When you select the strength at which you want to dominate, you have to be maniacally focused on being the best in the world. As you constantly re-think your own experience, you have to resist all temptation to indulge in the team’s growing list of additional needs.

Even if your superhuman strength shifts over time, that’s ok. As long as you are clear about why and consistent about where you invest, you can develop core competencies that keep you dominating for a very long time.

Focus The Rest
An important element of defining what you will do better than anyone else, is deciding what you aren’t going to do. It doesn’t mean you can ignore key functions required to make your business sustainable. It just means you’re going to be incredibly selective about what areas you gain competency. Just because you can hire someone to execute a new function, doesn’t mean you should.

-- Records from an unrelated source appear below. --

(* For odd k every term of the R-recursion carries the factor R_(-1), which cancels; the term
   with P0 comes from R_(-1)' = -2 R_(-1) R_0. *)
lemma solve_odd_index_eq:
  fixes R Rm S P0 Q Qp x D :: complex
  assumes "2 * Rm * R + x * Rm * S / D^N + dR = 0"
    "dR = -2 * Rm * (P0 / D^2) * (Q / D^M) + Qp / D^N * Rm" "M + 2 = N" "Rm \<noteq> 0" "D \<noteq> 0"
  shows "R = (-1/2) * (x * S - 2 * (P0 * Q) + Qp) / D^N"
proof -
  let ?A = "x * S - 2 * (P0 * Q) + Qp"
  have dR: "dR = Rm * (Qp - 2 * (P0 * Q)) / D^N"
    unfolding assms(2) assms(3)[symmetric] power_add using assms(5) by (simp add: field_simps)
  have "2 * Rm * R = - (x * Rm * S / D^N) - dR"
    using assms(1) by algebra
  also have "\<dots> = Rm * (- (?A / D^N))"
    unfolding dR using assms(5) by (simp add: field_simps)
  finally have "Rm * (2 * R) = Rm * (- (?A / D^N))"
    by (simp add: mult.assoc mult.left_commute)
  then have "2 * R = - (?A / D^N)"
    using assms(4) mult_left_cancel by blast
  then show ?thesis using assms(5) by (simp add: field_simps)
qed

lemma sum_eval2_frac:
  fixes g :: "nat \<Rightarrow> complex poly poly"
  assumes "\<And>i. i \<in> S \<Longrightarrow> f i = K * eval2 (g i) y c / D"
  shows "sum f S = K * eval2 (sum g S) y c / D"
  using assms by (simp add: eval2_sum sum_divide_distrib sum_distrib_left)

(* The quotient rule for P(x)/D^m combined with x' = -x^2/D, written in closed form. *)
lemma quotient_rule_closed_form:
  fixes D :: complex
  assumes "D \<noteq> 0"
  shows "(A * D^m - B * (of_nat m * D^(m - 1) * (12 * x^2))) / (D^m * D^m) * (- (x^2) / D)
         = - (x^2 * (A * D - of_nat (12 * m) * (x^2 * B))) / D^(m + 2)"
proof (cases m)
  case 0
  then show ?thesis using assms by (simp add: field_simps)
next
  case (Suc m')
  then show ?thesis using assms by (simp add: field_simps power2_eq_square)
qed

(* The value of R_0 = -R_(-1)'/(2 R_(-1)) after inserting 2 R_(-1) R_(-1)' = 12 x x' + 1,
   x' = -x^2/D and R_(-1)^2 = D/x. *)
lemma R0_closed_form:
  fixes x D c :: complex
  assumes "D = 4 * x^3 - c" "D \<noteq> 0" "x \<noteq> 0"
  shows "- (12 * x * (- (x^2) / D) + 1) / (4 * (D / x)) = (c / 4 * x + 2 * x^4) / D^2"
proof -
  have "- (12 * x * (- (x^2) / D) + 1) / (4 * (D / x)) = x * (12 * x^3 - D) / (4 * D^2)"
    using assms(2,3) by (simp add: field_simps power2_eq_square power3_eq_cube)
  also have "\<dots> = x * (8 * x^3 + c) / (4 * D^2)"
    using assms(1) by simp
  also have "\<dots> = (c / 4 * x + 2 * x^4) / D^2"
    using assms(2) by (simp add: field_simps power_Suc power_Suc2 numeral_eq_Suc)
  finally show ?thesis .
qed

locale PII_solution =
  fixes c :: complex and U :: "complex set" and lam nu :: "nat \<Rightarrow> complex \<Rightarrow> complex"
    and Rm1 :: "complex \<Rightarrow> complex" and R :: "nat \<Rightarrow> complex \<Rightarrow> complex"
  assumes open_U: "open U"
    and zero_param: "zero_param_sol c U lam nu"
    and R_solution: "R_sol U lam Rm1 R"
    and nonzero: "\<forall>t\<in>U. lam 0 t \<noteq> 0 \<and> 6 * (lam 0 t)^2 + t \<noteq> 0"
begin

abbreviation ev :: "complex poly poly \<Rightarrow> complex \<Rightarrow> complex" where
  "ev P t \<equiv> eval2 P (lam 0 t) c"

abbreviation Dt :: "complex \<Rightarrow> complex" where
  "Dt t \<equiv> 4 * (lam 0 t)^3 - c"

lemma nu0: "t \<in> U \<Longrightarrow> nu 0 t = 0"
  using zero_param unfolding zero_param_sol_def by blast

lemma deriv_lam: "t \<in> U \<Longrightarrow> deriv (lam k) t = nu (Suc k) t"
  using zero_param unfolding zero_param_sol_def by blast

lemma deriv_nu: "t \<in> U \<Longrightarrow> deriv (nu k) t =
    2 * (\<Sum>a\<le>Suc k. \<Sum>b\<le>Suc k - a. lam a t * lam b t * lam (Suc k - a - b) t) + t * lam (Suc k) t"
  using zero_param unfolding zero_param_sol_def by blast

lemma cubic: "t \<in> U \<Longrightarrow> 2 * (lam 0 t)^3 + t * lam 0 t + c = 0"
  using zero_param unfolding zero_param_sol_def by blast

lemma Rm1_square: "t \<in> U \<Longrightarrow> (Rm1 t)^2 = 6 * (lam 0 t)^2 + t"
  using R_solution unfolding R_sol_def by blast

lemma R0_eq: "t \<in> U \<Longrightarrow> 2 * Rm1 t * R 0 t + deriv Rm1 t = 0"
  using R_solution unfolding R_sol_def by blast

lemma R_Suc_eq: "t \<in> U \<Longrightarrow> 2 * Rm1 t * R (Suc k) t + (\<Sum>i\<le>k. R i t * R (k - i) t) + deriv (R k) t
    = 6 * (\<Sum>l\<le>k + 2. lam l t * lam (k + 2 - l) t)"
  using R_solution unfolding R_sol_def by blast

lemma lam0_nonzero: "t \<in> U \<Longrightarrow> lam 0 t \<noteq> 0"
  using nonzero by auto

lemma Delta_nonzero: "t \<in> U \<Longrightarrow> 6 * (lam 0 t)^2 + t \<noteq> 0"
  using nonzero by auto

lemma D_eq: "t \<in> U \<Longrightarrow> Dt t = lam 0 t * (6 * (lam 0 t)^2 + t)"
  using cubic[of t] by (simp add: algebra_simps power3_eq_cube power2_eq_square)

lemma D_nonzero: "t \<in> U \<Longrightarrow> Dt t \<noteq> 0"
  using D_eq[of t] nonzero by auto

lemma Rm1_nonzero: "t \<in> U \<Longrightarrow> Rm1 t \<noteq> 0"
  using Rm1_square[of t] Delta_nonzero[of t] by auto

Beats headphones is a fantastic example. Focused on brand, they partnered with Monster, whose expertise in manufacturing and retail was the perfect complement. It would have been easy for Beats to spend countless cycles finding their own supplier, building retail distribution, learning how to execute in store, etc. But they didn’t. Instead they found a partner who overnight enabled them to blow past Skullcandy, Sony, Phillips, and every headphone maker in between.

Nixon watches, a $400M company that few in Silicon Valley have ever paid attention to, sold their business early on to Billabong. This enabled the founders to focus on their brand and product offering as the company leveraged Billabong’s capital and reach to scale their business. Eventually buying the company back, Nixon took a unique path to market.

Several successful software startups have followed a similar journey. Instagram relied on Facebook for distribution. Pandora built their customers on the back of Apple. Twitter accelerated their growth with a robust developer network. Kickstarter created a network effect with every project shared on its platform. Amazon’s marketplace encouraged 3rd party sellers to promote the platform, driving more customers back to Amazon.

Being the best in the world at product, distribution, marketing, systems, and service isn’t possible. But deciding what you don’t invest in enables you to preserve the few resources you have to be remembered for one thing.

Conclusion
Resisting the temptation to build is hard. I meet plenty of entrepreneurs who think they need to hire someone to solve their problem. I understand, because I tried to solve my problems at Contour the same way. I hired people.

Without a clear understanding of what we were going to be the best in the world at, we did a little bit of everything. Solving our problems by doing instead of thinking, we built a nice company that didn’t survive the marketing domination of our competitor.

Be incredibly amazing at one thing and the rest will work itself out.